Der „spindle assembly checkpoint“ (SAC) ist ein hoch konservierter, eukaryontischer Überwachungsmechanismus der die genomische Integrität aufrechterhält, indem er das Fortschreiten der Mitose so lange verhindert, bis die Mikrotubuli der mitotischen Spindel sich an alle Kinetochore angeheftet haben. Eine Fehlfunktion dieses Kontrollmechanismus führt zu Fehlern bei der Chromosomensegregation und kann zur Tumorentstehung beitragen. SAC-Proteine konzentrieren sich an unangehefteten Kinetochoren, was als Voraussetzung für die Entstehung des SAC-Signals gilt.
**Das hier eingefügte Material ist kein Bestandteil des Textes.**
lemma dim_additive_imp_Int_zero:
  assumes "A \<subseteq> coord_space n" "B \<subseteq> coord_space n" "C \<subseteq> cfun.span (A \<union> B)"
    and "cfun.dim A + cfun.dim B \<le> cfun.dim C" and "y \<in> A" "y \<in> B"
  shows "y = 0"
proof (rule ccontr)
  assume y0: "y \<noteq> 0"
  have ind: "cfun.independent {y}" using y0 by simp
  have sub: "{y} \<subseteq> A" using assms(5) by simp
  obtain BA where BA: "{y} \<subseteq> BA" "BA \<subseteq> A" "A \<subseteq> cfun.span BA" "finite BA" "card BA = cfun.dim A"
    by (rule coord_space_basis_extend[OF assms(1) sub ind]) blast
  obtain BB where BB: "BB \<subseteq> B" "B \<subseteq> cfun.span BB" "finite BB" "card BB = cfun.dim B"
    by (rule coord_space_basis_extend[OF assms(2) empty_subsetI cfun.independent_empty]) blast
  have yB: "y \<in> cfun.span BB" using BB assms(6) by blast
  have "A \<union> B \<subseteq> cfun.span (BA \<union> BB)"
    using BA BB cfun.span_mono[of BA "BA \<union> BB"] cfun.span_mono[of BB "BA \<union> BB"] by blast
  then have "cfun.span (A \<union> B) \<subseteq> cfun.span (BA \<union> BB)"
    using cfun.span_minimal cfun.subspace_span by blast
  also have "BA \<union> BB = insert y ((BA - {y}) \<union> BB)" using BA by auto
  also have "cfun.span \<dots> = cfun.span ((BA - {y}) \<union> BB)"
    using yB cfun.span_redundant cfun.span_mono[of BB "(BA - {y}) \<union> BB"] by blast
  finally have "cfun.dim C \<le> card ((BA - {y}) \<union> BB)"
    using assms(3) BA BB by (intro cfun.dim_le_card) auto
  also have "\<dots> \<le> card (BA - {y}) + card BB" by (rule card_Un_le)
  finally have "cfun.dim C \<le> card (BA - {y}) + card BB" .
  moreover have "card (BA - {y}) + 1 = card BA" by (metis card_Suc_Diff1 Suc_eq_plus1 BA(1,4) insert_subset)
  ultimately show False using assms(4) BA BB by linarith
qed

lemma dim_less_of_subspace:
  assumes "B \<subseteq> coord_space n" "A \<subseteq> B" "cfun.subspace A" "y \<in> B" "y \<notin> A"
  shows "cfun.dim A < cfun.dim B"
proof -
  have An: "A \<subseteq> coord_space n" using assms by blast
  obtain BA where BA: "BA \<subseteq> A" "cfun.independent BA" "A \<subseteq> cfun.span BA" "finite BA" "card BA = cfun.dim A"
    by (rule coord_space_basis_extend[OF An empty_subsetI cfun.independent_empty]) blast
  have "cfun.span BA = A" using BA assms(3) cfun.span_subspace by blast
  then have ind: "cfun.independent (insert y BA)"
    using BA assms(5) cfun.independent_insertI by auto
  have sub: "insert y BA \<subseteq> B" using assms BA by blast
  obtain BB where BB: "insert y BA \<subseteq> BB" "BB \<subseteq> B" "finite BB" "card BB = cfun.dim B"
    by (rule coord_space_basis_extend[OF assms(1) sub ind]) blast
  have "card (insert y BA) \<le> card BB" using BB by (intro card_mono) auto
  moreover have "card (insert y BA) = card BA + 1" using BA assms(5) by (subst card_insert_disjoint) auto
  ultimately show ?thesis using BA BB by simp
qed

definition mat_act :: "nat \<Rightarrow> complex mat \<Rightarrow> (nat \<Rightarrow> complex) \<Rightarrow> nat \<Rightarrow> complex" where
  "mat_act n M f = (\<lambda>i. if i < n then (\<Sum>j<n. M $$ (i, j) * f j) else 0)"

definition mov :: "nat \<Rightarrow> complex mat \<Rightarrow> (nat \<Rightarrow> complex) set" where
  "mov n M = {mat_act n M f - f | f. f \<in> coord_space n}"

definition mov_dim :: "nat \<Rightarrow> complex mat \<Rightarrow> nat" where
  "mov_dim n M = cfun.dim (mov n M)"

lemma mat_act_coord_space[simp]: "mat_act n M f \<in> coord_space n"
  by (simp add: mat_act_def coord_space_def)

lemma coord_space_diff[simp]: "f \<in> coord_space n \<Longrightarrow> g \<in> coord_space n \<Longrightarrow> f - g \<in> coord_space n"
  by (simp add: coord_space_def)
lemma coord_space_scalef[simp]: "f \<in> coord_space n \<Longrightarrow> scalef c f \<in> coord_space n"
  by (simp add: coord_space_def scalef_def)
lemma coord_space_add[simp]: "f \<in> coord_space n \<Longrightarrow> g \<in> coord_space n \<Longrightarrow> f + g \<in> coord_space n"
  by (simp add: coord_space_def)
lemma coord_space_zero[simp]: "0 \<in> coord_space n"
  by (simp add: coord_space_def)
lemma unit_fun_coord_space[simp]: "i < n \<Longrightarrow> unit_fun i \<in> coord_space n"
  by (simp add: coord_space_def unit_fun_def)

lemma mat_act_add: "mat_act n M (f + g) = mat_act n M f + mat_act n M g"
  by (auto simp: mat_act_def algebra_simps sum.distrib)
lemma mat_act_scalef: "mat_act n M (scalef c f) = scalef c (mat_act n M f)"
  by (auto simp: mat_act_def scalef_def sum_distrib_left algebra_simps)
lemma mat_act_zero: "mat_act n M 0 = 0"
  by (auto simp: mat_act_def)

lemma mat_mult_entry:
  assumes "A \<in> carrier_mat n n" "B \<in> carrier_mat n n" "i < n" "j < n"
  shows "(A * B) $$ (i, j) = (\<Sum>l<n. A $$ (i, l) * B $$ (l, j))"
  using assms by (simp add: index_mult_mat scalar_prod_def atLeast0LessThan)

lemma mat_act_mult:
  assumes "A \<in> carrier_mat n n" "B \<in> carrier_mat n n"
  shows "mat_act n (A * B) f = mat_act n A (mat_act n B f)"
proof
  fix i show "mat_act n (A * B) f i = mat_act n A (mat_act n B f) i"
  proof (cases "i < n")
    case True
    have "mat_act n (A * B) f i = (\<Sum>j<n. (A * B) $$ (i, j) * f j)"
      using True by (simp add: mat_act_def del: index_mult_mat)
    also have "\<dots> = (\<Sum>j<n. (\<Sum>l<n. A $$ (i, l) * B $$ (l, j)) * f j)"
      by (rule sum.cong[OF refl], subst mat_mult_entry[OF assms True]) auto
    also have "\<dots> = (\<Sum>j<n. \<Sum>l<n. A $$ (i, l) * (B $$ (l, j) * f j))"
      by (simp add: sum_distrib_right mult.assoc)
    also have "\<dots> = (\<Sum>l<n. \<Sum>j<n. A $$ (i, l) * (B $$ (l, j) * f j))"
      by (rule sum.swap)
    also have "\<dots> = mat_act n A (mat_act n B f) i"
      using True by (simp add: mat_act_def sum_distrib_left)
    finally show ?thesis .
  qed (simp add: mat_act_def)
qed

lemma mat_act_one: "f \<in> coord_space n \<Longrightarrow> mat_act n (1\<^sub>m n) f = f"
proof
  fix i assume f: "f \<in> coord_space n"
  show "mat_act n (1\<^sub>m n) f i = f i"
  proof (cases "i < n")
    case True
    have "mat_act n (1\<^sub>m n) f i = (\<Sum>j<n. (if i = j then 1 else 0) * f j)"
      using True by (simp add: mat_act_def)
    also have "\<dots> = (\<Sum>j<n. if i = j then f j else 0)"
      by (rule sum.cong) auto
    also have "\<dots> = f i" using True by (simp add: sum.delta)
    finally show ?thesis .
  qed (use f in \<open>simp add: mat_act_def coord_space_def\<close>)
qed

lemma mov_coord_space: "mov n M \<subseteq> coord_space n"
  by (auto simp: mov_def)

lemma mov_subspace: "cfun.subspace (mov n M)"
  unfolding cfun.subspace_def
proof (intro conjI ballI allI)
  show "0 \<in> mov n M" unfolding mov_def by (rule CollectI, rule exI[of _ 0]) (simp add: mat_act_zero)
next
  fix x y assume "x \<in> mov n M" "y \<in> mov n M"
  then obtain f g where "x = mat_act n M f - f" "f \<in> coord_space n" "y = mat_act n M g - g" "g \<in> coord_space n"
    by (auto simp: mov_def)
  then show "x + y \<in> mov n M" unfolding mov_def
    by (intro CollectI exI[of _ "f + g"]) (simp add: mat_act_add algebra_simps)
next
  fix c x assume "x \<in> mov n M"
  then obtain f where "x = mat_act n M f - f" "f \<in> coord_space n"
    by (auto simp: mov_def)
  moreover have "mat_act n M (scalef c f) - scalef c f = scalef c (mat_act n M f - f)"
    by (simp only: mat_act_scalef) (simp add: scalef_def fun_eq_iff algebra_simps)
  ultimately have "mat_act n M (scalef c f) - scalef c f = scalef c x" by simp
  then show "scalef c x \<in> mov n M" unfolding mov_def using \<open>f \<in> coord_space n\<close>
    by (intro CollectI exI[of _ "scalef c f"]) auto
qed

lemma mov_mult_subset_span:
  assumes "A \<in> carrier_mat n n" "B \<in> carrier_mat n n"
  shows "mov n (A * B) \<subseteq> cfun.span (mov n A \<union> mov n B)"
proof
  fix x assume "x \<in> mov n (A * B)"
  then obtain f where f: "x = mat_act n (A * B) f - f" "f \<in> coord_space n" by (auto simp: mov_def)
  have "x = (mat_act n A (mat_act n B f) - mat_act n B f) + (mat_act n B f - f)"
    using f assms by (simp add: mat_act_mult)
  moreover have "mat_act n A (mat_act n B f) - mat_act n B f \<in> mov n A" by (auto simp: mov_def)
  moreover have "mat_act n B f - f \<in> mov n B" using f by (auto simp: mov_def)
  ultimately show "x \<in> cfun.span (mov n A \<union> mov n B)"
    by (metis cfun.span_add cfun.span_base UnI1 UnI2)
qed

lemma mov_dim_mult:
  assumes "A \<in> carrier_mat n n" "B \<in> carrier_mat n n"
  shows "mov_dim n (A * B) \<le> mov_dim n A + mov_dim n B"
  unfolding mov_dim_def by (rule dim_le_of_subset_span_Un[OF mov_coord_space mov_coord_space mov_mult_subset_span[OF assms]])

lemma mov_one: "mov n (1\<^sub>m n) = {0}"
  by (auto simp: mov_def mat_act_one intro!: exI[of _ 0])

lemma mov_dim_one: "mov_dim n (1\<^sub>m n) = 0"
proof -
  have "cfun.dim {0::nat\<Rightarrow>complex} \<le> card ({}::(nat\<Rightarrow>complex) set)"
    by (rule cfun.dim_le_card) auto
  then show ?thesis by (simp add: mov_dim_def mov_one)
qed

lemma mov_uminus: "y \<in> mov n M \<Longrightarrow> - y \<in> mov n M"
  using mov_subspace cfun.subspace_neg by blast

lemma refls_Gdd: "refls d n \<subseteq> Gdd d n" by (auto simp: refls_def)
lemma Gdd_carrier: "Gdd d n \<subseteq> carrier_mat n n" by (auto simp: Gdd_def)

lemma scalar_prod_vec_sum: "a \<in> carrier_vec n \<Longrightarrow> a \<bullet> vec n f = (\<Sum>i<n. a $ i * f i)"
  by (simp add: scalar_prod_def atLeast0LessThan)

lemma mult_mat_vec_vec_index: "M \<in> carrier_mat n n \<Longrightarrow> i < n \<Longrightarrow> (M *\<^sub>v vec n f) $ i = (\<Sum>j<n. M $$ (i, j) * f j)"
  by (simp add: scalar_prod_def atLeast0LessThan)

lemma mat_act_fix_if_orthogonal:
  assumes r: "r \<in> carrier_mat n n" and a: "a \<in> carrier_vec n"
    and fx: "\<forall>v\<in>carrier_vec n. a \<bullet> v = 0 \<longrightarrow> r *\<^sub>v v = v"
    and f: "f \<in> coord_space n" and z: "(\<Sum>i<n. a $ i * f i) = 0"
  shows "mat_act n r f = f"
proof
  fix i
  have "r *\<^sub>v vec n f = vec n f" using fx z a by (simp add: scalar_prod_vec_sum)
  then have e: "i < n \<Longrightarrow> (r *\<^sub>v vec n f) $ i = f i" by (metis index_vec)
  show "mat_act n r f i = f i"
  proof (cases "i < n")
    case True
    then have "mat_act n r f i = (r *\<^sub>v vec n f) $ i" using r by (simp only: mult_mat_vec_vec_index mat_act_def if_True)
    then show ?thesis using e True by simp
  qed (use f in \<open>simp add: mat_act_def coord_space_def\<close>)
qed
Diese Studie verwendet den Modellorganismus Schizosaccharomyces pombe um die Rolle der einzelnen SAC-Proteine und deren Interaktionen während der SACSignalkaskade aufzudecken. Wir haben die Verbindung zwischen Mad1 und Bub1 untersucht, um die Verknüpfung zwischen frühen und späteren Vorgängen des SACSignalwegs zu verstehen. Dabei haben wir herausgefunden, dass konservierte Motive in Bub1 und Mad1 essentiell sind, um Mad1 an Kinetochore zu rekrutieren und ein SAC-Signal zu generieren. Zudem haben wir gezeigt, dass Mad1 eine zusätzliche und bisher unbekannte Funktion im SAC hat. Bub1 spielt früher als Mad1 eine Rolle in der SAC-Signalkaskade und bestimmte Motive in einem der Kinetochorproteine werden für die Rekrutierung des Bub3-Bub1 Komplexes an die Kinetochore benötigt. Wir zeigen, dass ein kleiner Teil dieser Motive bereits für die Rekrutierung und die Aktivität des Checkpoints ausreicht. Der letztendliche Effektor des Checkpoint-Signals ist der „mitotische Checkpoint Komplex“. Es wurde kürzlich gezeigt, dass die Zusammensetzung dieses Komplexes von bisherigen Annahmen abweicht. Während frühere Arbeiten darauf hinwiesen, dass ein Molekül des Cdc20 Proteins Teil des Komplexes ist, haben neueste Ergebnisse gezeigt, dass der Komplex tatsächlich zwei Cdc20 Moleküle enthält, wenn er an den APC/C gebunden ist. Wir beobachteten eine vergleichbare Situation in Spalthefe und beschreiben wie konservierte Motive im Checkpoint Protein Mad3 zur Bindung dieser Cdc20 Moleküle beitragen. Zudem zeigen wir, dass die APC/C Untereinheit Apc15 in S. pombe für Checkpoint-Aktivität benötigt wird, was basierend auf Arbeiten in anderen Organismen unerwartet war. Zusammenfassend konnten wir neue Aspekte des „spindle assembly checkpoint“ Signalwegs aufzeigen und haben sowohl Übereinstimmungen als auch Unterschiede zwischen Organismen gefunden, was verdeutlicht wie konserviert aber zugleich wandlungsfähig dieser Signalweg ist.